**Prompt**.
Among the records below, find the line that has "using continuous_attains_inf[OF compact_sphere"; from there, give the lines again exactly, and stop after the line that has "qed (simp add: is_norm_zero[OF assms])".

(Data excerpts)
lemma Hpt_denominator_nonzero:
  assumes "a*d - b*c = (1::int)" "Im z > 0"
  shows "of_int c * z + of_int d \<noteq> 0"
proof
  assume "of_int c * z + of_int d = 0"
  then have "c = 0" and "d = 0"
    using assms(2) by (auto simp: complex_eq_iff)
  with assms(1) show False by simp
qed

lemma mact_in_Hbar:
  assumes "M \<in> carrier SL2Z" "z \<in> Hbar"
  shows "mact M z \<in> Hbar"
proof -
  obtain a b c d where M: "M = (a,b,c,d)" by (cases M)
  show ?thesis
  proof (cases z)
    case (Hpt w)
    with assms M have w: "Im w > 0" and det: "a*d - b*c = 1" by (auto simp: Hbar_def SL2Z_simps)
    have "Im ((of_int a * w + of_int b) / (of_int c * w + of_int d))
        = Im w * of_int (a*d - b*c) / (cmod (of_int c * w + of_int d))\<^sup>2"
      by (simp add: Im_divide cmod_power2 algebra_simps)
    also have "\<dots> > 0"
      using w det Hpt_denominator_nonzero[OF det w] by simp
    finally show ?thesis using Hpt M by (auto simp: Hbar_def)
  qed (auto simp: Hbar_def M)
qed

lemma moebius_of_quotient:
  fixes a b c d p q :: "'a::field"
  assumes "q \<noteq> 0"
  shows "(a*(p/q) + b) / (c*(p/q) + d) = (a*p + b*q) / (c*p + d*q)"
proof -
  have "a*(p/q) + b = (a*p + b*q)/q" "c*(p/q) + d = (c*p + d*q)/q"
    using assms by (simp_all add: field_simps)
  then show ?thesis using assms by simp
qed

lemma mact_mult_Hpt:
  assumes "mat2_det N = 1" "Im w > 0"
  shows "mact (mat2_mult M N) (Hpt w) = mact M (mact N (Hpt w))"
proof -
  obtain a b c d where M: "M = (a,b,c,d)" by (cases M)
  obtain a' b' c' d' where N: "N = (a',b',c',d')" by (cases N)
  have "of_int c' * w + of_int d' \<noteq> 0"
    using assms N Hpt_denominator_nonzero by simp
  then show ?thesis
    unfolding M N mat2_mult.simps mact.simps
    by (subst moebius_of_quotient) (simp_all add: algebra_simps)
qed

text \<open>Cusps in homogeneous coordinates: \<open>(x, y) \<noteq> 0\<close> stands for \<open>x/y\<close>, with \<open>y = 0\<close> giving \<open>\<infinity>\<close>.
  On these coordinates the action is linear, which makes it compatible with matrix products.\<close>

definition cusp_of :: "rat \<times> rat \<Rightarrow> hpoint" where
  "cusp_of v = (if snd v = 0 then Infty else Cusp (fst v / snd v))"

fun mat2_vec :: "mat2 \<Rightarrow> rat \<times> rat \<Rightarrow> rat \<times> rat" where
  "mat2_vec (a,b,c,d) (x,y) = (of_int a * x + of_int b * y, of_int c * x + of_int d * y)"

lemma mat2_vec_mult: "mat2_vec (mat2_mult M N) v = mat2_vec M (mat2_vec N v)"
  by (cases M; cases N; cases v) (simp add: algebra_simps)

---

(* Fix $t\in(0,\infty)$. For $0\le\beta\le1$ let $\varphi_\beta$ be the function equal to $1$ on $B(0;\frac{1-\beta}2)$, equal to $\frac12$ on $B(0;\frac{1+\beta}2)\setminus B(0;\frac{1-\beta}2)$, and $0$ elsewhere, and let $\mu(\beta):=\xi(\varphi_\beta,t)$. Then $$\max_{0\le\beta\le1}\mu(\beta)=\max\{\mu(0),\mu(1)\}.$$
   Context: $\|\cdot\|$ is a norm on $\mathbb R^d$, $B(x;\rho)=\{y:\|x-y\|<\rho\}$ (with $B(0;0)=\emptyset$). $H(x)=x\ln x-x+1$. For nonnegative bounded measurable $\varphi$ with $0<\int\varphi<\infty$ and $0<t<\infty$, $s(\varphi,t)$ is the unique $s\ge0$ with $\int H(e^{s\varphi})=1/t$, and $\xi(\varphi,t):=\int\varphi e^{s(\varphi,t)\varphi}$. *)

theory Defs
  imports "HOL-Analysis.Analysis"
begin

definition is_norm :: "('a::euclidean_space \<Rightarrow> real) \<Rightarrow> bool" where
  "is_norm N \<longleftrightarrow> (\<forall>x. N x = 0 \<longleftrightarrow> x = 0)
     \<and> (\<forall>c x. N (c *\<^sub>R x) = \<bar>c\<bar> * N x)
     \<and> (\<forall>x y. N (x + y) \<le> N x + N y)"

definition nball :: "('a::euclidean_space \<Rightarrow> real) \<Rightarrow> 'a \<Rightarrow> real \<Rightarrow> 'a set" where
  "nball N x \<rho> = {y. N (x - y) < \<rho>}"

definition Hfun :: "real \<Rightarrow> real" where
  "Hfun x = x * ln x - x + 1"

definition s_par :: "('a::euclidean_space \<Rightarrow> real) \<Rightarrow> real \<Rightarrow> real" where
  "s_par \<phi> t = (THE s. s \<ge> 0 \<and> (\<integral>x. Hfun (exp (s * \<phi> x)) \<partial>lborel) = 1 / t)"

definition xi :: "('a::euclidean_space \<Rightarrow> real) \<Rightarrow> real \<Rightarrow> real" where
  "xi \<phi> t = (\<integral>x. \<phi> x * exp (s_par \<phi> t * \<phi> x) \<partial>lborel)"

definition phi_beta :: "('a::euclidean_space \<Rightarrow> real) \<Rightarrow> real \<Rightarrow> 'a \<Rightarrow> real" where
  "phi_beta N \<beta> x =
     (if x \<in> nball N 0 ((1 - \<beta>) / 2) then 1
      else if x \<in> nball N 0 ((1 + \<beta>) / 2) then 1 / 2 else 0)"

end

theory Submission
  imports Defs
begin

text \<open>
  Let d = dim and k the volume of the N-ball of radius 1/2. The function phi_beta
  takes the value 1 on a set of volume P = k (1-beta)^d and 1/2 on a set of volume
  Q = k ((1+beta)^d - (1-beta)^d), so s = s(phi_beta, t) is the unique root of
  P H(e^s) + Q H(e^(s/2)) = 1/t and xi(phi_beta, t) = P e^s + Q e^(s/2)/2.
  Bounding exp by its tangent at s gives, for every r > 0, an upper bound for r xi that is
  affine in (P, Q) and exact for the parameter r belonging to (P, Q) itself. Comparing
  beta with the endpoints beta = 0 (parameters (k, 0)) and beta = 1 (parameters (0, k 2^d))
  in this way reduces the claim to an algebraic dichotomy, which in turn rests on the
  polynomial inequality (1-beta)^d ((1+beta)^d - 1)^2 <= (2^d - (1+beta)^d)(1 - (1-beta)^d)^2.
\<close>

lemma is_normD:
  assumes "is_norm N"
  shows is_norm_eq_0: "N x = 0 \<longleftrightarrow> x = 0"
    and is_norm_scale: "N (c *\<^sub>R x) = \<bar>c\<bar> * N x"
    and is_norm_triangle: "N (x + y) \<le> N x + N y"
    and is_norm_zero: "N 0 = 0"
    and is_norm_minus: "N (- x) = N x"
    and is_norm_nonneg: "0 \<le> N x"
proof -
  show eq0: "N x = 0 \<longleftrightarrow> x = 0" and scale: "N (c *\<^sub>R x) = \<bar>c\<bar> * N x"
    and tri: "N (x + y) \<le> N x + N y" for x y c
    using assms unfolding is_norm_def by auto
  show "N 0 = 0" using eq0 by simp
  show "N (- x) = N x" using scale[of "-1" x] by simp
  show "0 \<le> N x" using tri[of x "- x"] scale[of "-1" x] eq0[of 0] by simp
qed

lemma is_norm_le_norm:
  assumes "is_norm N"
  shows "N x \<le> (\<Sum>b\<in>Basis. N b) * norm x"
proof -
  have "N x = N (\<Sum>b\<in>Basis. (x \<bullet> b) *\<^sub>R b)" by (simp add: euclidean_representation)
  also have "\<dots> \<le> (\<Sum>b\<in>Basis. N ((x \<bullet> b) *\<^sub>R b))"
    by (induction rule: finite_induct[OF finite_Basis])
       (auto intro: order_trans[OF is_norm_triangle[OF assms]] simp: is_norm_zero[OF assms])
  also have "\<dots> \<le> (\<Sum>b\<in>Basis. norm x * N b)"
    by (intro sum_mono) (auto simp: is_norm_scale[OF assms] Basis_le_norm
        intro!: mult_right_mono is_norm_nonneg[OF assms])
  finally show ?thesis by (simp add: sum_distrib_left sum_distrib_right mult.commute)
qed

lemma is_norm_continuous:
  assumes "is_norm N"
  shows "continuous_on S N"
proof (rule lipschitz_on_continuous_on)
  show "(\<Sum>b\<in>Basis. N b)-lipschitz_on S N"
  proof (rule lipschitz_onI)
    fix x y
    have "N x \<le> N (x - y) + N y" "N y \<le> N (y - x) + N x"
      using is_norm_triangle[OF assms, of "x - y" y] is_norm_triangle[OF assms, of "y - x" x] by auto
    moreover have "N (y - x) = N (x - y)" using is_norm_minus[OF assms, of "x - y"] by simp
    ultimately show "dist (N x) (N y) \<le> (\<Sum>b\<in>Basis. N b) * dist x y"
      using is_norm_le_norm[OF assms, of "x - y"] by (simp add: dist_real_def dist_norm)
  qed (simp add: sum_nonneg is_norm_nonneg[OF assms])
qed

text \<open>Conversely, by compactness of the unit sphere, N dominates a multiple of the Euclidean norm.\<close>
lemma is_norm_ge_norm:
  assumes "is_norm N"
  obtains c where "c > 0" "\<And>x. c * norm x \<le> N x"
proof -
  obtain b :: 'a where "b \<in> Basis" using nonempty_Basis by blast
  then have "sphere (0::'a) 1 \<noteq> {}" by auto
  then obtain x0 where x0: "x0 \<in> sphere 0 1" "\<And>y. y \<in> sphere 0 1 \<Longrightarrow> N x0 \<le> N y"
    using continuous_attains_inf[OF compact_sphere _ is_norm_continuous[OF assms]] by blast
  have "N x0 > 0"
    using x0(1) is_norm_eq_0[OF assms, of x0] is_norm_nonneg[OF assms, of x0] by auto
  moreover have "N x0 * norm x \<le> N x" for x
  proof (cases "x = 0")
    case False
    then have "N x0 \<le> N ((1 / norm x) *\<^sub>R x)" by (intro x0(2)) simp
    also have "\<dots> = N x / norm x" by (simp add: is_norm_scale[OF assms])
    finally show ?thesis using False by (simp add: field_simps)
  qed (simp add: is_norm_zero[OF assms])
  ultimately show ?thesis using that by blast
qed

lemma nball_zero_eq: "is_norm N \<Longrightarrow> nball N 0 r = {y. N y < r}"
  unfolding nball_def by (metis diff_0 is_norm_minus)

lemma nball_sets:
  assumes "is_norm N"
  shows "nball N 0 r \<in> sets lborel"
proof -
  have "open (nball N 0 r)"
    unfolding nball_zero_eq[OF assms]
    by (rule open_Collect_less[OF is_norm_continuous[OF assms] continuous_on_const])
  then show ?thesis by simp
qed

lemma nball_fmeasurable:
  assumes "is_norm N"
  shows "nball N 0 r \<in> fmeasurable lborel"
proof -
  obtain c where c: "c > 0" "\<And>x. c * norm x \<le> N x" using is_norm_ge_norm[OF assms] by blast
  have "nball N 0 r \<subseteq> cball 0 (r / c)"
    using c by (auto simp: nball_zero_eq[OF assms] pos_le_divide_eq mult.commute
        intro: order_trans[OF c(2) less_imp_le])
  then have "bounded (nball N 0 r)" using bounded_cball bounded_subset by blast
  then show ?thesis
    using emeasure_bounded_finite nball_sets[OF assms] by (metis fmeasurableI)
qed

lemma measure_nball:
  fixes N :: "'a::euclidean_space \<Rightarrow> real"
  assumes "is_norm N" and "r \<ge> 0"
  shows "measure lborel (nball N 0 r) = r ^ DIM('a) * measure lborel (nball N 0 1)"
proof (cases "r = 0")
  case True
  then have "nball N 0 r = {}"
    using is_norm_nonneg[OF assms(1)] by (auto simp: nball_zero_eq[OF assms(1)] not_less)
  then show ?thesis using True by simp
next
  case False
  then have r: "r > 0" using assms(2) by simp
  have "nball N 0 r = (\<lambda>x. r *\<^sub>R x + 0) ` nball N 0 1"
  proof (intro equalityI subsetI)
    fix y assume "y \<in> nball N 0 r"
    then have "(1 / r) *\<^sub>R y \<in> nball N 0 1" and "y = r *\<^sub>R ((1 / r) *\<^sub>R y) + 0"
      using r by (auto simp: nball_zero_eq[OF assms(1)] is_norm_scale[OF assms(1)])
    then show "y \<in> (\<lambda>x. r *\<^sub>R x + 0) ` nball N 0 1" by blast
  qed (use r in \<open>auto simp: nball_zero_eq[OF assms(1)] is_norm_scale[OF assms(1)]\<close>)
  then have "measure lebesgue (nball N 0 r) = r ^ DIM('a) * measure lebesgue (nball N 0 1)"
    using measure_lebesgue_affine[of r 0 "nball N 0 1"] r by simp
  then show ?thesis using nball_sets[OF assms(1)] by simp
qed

--

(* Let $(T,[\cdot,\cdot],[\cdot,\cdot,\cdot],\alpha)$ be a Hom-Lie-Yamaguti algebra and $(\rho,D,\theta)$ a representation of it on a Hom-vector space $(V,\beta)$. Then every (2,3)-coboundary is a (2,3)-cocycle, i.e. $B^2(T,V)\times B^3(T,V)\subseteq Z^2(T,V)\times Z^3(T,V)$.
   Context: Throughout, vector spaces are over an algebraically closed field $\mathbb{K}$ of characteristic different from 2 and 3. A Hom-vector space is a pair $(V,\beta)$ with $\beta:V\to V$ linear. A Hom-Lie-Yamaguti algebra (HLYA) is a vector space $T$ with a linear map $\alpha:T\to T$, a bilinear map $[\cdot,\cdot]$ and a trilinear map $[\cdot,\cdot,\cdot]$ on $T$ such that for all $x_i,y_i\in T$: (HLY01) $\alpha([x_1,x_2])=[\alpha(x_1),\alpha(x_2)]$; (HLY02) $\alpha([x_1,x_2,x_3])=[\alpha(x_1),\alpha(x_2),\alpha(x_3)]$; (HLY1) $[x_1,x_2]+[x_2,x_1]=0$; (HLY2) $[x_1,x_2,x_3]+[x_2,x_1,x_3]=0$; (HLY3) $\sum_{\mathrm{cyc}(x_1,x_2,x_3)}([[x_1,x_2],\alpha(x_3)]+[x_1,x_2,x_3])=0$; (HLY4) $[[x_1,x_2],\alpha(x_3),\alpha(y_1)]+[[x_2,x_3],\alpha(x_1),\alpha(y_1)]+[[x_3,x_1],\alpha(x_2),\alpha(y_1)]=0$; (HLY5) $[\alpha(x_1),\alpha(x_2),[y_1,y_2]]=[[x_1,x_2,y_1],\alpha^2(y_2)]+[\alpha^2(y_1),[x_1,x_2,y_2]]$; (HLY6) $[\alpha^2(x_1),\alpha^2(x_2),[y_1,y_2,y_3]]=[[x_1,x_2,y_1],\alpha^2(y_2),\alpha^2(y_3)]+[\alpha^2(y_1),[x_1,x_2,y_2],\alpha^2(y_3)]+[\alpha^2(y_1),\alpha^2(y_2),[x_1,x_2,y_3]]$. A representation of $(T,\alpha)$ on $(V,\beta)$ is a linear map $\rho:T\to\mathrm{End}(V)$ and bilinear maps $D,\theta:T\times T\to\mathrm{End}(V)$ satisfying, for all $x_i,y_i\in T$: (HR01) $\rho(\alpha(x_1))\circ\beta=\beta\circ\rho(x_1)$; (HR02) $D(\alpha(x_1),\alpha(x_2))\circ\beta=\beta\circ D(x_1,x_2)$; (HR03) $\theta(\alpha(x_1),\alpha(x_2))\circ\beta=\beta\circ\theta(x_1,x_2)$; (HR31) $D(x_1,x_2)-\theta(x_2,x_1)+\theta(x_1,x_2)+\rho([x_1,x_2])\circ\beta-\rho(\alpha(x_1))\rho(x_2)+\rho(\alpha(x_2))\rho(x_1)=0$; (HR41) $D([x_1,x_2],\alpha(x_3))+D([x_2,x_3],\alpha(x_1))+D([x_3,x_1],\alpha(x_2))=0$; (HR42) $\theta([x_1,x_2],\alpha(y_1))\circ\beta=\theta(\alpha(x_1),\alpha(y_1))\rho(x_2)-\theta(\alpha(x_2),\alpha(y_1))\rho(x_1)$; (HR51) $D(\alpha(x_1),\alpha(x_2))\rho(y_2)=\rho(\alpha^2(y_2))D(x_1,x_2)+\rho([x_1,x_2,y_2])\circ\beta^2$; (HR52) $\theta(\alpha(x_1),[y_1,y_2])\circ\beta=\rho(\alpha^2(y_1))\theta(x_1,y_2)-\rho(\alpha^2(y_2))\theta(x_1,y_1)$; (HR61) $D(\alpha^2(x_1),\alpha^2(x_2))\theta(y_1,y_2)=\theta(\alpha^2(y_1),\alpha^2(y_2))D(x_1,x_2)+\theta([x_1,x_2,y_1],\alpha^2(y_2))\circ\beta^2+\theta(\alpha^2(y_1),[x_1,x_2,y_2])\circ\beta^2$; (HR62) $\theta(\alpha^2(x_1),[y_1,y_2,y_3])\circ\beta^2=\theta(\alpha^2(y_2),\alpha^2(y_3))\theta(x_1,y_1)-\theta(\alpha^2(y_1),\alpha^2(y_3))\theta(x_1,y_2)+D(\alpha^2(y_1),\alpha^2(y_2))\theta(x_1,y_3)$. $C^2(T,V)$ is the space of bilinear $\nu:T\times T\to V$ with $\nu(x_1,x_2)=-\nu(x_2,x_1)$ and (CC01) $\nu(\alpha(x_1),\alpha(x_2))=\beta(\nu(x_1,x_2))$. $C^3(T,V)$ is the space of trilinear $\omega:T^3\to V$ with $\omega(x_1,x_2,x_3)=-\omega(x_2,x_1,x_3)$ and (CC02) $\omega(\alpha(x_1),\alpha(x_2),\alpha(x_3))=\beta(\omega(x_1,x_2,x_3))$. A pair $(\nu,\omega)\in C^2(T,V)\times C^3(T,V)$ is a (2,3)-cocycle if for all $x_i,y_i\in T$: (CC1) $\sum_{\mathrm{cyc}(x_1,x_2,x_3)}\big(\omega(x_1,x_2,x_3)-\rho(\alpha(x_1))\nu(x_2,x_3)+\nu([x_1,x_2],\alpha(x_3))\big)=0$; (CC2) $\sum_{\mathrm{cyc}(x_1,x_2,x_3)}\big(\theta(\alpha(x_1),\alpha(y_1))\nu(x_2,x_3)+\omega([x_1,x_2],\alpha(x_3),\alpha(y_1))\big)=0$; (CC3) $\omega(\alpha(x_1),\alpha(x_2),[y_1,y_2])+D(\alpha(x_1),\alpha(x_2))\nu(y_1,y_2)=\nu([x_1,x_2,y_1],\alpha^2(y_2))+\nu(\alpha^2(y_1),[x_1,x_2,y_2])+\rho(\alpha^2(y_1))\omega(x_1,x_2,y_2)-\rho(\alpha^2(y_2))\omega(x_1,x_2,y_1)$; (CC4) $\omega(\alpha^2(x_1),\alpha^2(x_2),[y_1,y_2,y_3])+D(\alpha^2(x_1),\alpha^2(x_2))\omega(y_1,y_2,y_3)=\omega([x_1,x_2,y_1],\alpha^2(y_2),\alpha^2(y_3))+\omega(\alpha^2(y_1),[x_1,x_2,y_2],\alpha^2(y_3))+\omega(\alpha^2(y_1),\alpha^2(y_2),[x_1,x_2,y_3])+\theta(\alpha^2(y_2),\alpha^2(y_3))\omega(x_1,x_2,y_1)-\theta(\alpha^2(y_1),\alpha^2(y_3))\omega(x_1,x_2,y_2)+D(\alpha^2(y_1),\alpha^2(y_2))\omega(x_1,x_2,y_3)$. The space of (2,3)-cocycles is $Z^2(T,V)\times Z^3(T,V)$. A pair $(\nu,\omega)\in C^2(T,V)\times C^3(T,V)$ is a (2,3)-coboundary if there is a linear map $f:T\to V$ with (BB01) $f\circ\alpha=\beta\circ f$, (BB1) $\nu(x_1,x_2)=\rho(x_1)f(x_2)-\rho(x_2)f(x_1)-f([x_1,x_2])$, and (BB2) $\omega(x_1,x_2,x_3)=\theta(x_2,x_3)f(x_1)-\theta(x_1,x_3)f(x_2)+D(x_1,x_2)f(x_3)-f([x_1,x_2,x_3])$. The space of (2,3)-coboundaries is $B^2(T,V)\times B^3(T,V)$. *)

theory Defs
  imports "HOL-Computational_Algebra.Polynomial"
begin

**Exercise response**.
    using continuous_attains_inf[OF compact_sphere _ is_norm_continuous[OF assms]] by blast
  have "N x0 > 0"
    using x0(1) is_norm_eq_0[OF assms, of x0] is_norm_nonneg[OF assms, of x0] by auto
  moreover have "N x0 * norm x \<le> N x" for x
  proof (cases "x = 0")
    case False
    then have "N x0 \<le> N ((1 / norm x) *\<^sub>R x)" by (intro x0(2)) simp
    also have "\<dots> = N x / norm x" by (simp add: is_norm_scale[OF assms])
    finally show ?thesis using False by (simp add: field_simps)
  qed (simp add: is_norm_zero[OF assms])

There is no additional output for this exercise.